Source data
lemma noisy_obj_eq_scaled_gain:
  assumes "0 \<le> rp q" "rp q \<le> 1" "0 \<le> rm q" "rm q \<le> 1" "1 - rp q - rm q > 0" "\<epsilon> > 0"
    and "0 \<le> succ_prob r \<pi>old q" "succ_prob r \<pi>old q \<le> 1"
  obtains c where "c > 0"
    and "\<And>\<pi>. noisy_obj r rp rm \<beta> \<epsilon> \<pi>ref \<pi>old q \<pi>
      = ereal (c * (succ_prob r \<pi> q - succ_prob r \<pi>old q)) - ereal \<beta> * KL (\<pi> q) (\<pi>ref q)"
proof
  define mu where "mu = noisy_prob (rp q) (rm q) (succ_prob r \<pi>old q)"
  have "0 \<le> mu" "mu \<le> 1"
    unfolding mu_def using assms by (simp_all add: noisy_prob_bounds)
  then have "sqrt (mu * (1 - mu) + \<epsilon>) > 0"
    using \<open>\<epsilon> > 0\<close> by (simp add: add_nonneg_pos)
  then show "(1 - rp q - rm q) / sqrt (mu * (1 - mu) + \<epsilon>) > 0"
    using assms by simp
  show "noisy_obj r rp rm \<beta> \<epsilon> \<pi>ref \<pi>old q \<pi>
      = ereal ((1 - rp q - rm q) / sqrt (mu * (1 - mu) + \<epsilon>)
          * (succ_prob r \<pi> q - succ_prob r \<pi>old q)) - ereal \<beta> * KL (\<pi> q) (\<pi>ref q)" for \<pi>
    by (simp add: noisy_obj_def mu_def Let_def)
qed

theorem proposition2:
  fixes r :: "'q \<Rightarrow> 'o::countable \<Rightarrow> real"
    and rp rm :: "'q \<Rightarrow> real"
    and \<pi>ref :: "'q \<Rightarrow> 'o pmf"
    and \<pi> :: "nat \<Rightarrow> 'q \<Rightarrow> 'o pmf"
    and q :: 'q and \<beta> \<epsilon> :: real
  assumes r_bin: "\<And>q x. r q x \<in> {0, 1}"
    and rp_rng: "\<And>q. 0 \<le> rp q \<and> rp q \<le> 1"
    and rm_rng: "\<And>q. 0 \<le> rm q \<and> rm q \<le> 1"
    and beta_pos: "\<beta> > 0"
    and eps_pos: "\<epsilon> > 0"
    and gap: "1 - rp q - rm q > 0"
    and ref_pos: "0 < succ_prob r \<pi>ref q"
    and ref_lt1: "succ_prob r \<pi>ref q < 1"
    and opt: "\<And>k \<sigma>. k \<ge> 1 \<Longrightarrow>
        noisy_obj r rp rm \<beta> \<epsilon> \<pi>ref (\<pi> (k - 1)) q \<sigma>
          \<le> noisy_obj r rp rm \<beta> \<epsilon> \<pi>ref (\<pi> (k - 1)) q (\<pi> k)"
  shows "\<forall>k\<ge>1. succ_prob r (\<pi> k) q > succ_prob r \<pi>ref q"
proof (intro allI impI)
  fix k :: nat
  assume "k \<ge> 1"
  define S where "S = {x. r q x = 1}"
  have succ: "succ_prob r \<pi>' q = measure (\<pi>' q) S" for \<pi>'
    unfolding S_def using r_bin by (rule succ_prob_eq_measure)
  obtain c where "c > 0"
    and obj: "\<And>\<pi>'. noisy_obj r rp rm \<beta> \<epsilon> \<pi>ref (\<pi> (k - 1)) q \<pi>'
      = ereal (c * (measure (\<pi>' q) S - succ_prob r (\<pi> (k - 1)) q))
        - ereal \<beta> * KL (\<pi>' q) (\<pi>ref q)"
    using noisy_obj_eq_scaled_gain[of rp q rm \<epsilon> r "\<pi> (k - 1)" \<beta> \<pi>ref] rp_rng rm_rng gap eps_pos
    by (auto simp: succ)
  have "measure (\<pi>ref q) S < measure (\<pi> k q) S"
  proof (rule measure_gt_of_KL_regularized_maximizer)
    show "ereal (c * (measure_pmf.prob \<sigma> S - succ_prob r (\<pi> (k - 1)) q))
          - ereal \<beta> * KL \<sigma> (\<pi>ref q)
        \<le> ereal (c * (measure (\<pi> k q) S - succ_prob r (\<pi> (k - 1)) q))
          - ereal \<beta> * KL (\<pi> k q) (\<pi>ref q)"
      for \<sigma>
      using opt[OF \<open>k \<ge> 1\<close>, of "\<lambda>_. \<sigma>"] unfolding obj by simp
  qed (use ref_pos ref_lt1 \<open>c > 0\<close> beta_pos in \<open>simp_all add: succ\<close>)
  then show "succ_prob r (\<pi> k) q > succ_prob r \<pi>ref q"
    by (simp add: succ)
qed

WHAT YOU NEED TO DO: All that should appear in the response is the run of lines from the first line of the entries through the line containing "using \<open>\<epsilon> >", copied exactly.

WRITTEN SOLUTION:
lemma noisy_obj_eq_scaled_gain:
  assumes "0 \<le> rp q" "rp q \<le> 1" "0 \<le> rm q" "rm q \<le> 1" "1 - rp q - rm q > 0" "\<epsilon> > 0"
    and "0 \<le> succ_prob r \<pi>old q" "succ_prob r \<pi>old q \<le> 1"
  obtains c where "c > 0"
    and "\<And>\<pi>. noisy_obj r rp rm \<beta> \<epsilon> \<pi>ref \<pi>old q \<pi>
      = ereal (c * (succ_prob r \<pi> q - succ_prob r \<pi>old q)) - ereal \<beta> * KL (\<pi> q) (\<pi>ref q)"
proof
  define mu where "mu = noisy_prob (rp q) (rm q) (succ_prob r \<pi>old q)"
  have "0 \<le> mu" "mu \<le> 1"
    unfolding mu_def using assms by (simp_all add: noisy_prob_bounds)
  then have "sqrt (mu * (1 - mu) + \<epsilon>) > 0"
    using \<open>\<epsilon> > 0\<close> by (simp add: add_nonneg_pos)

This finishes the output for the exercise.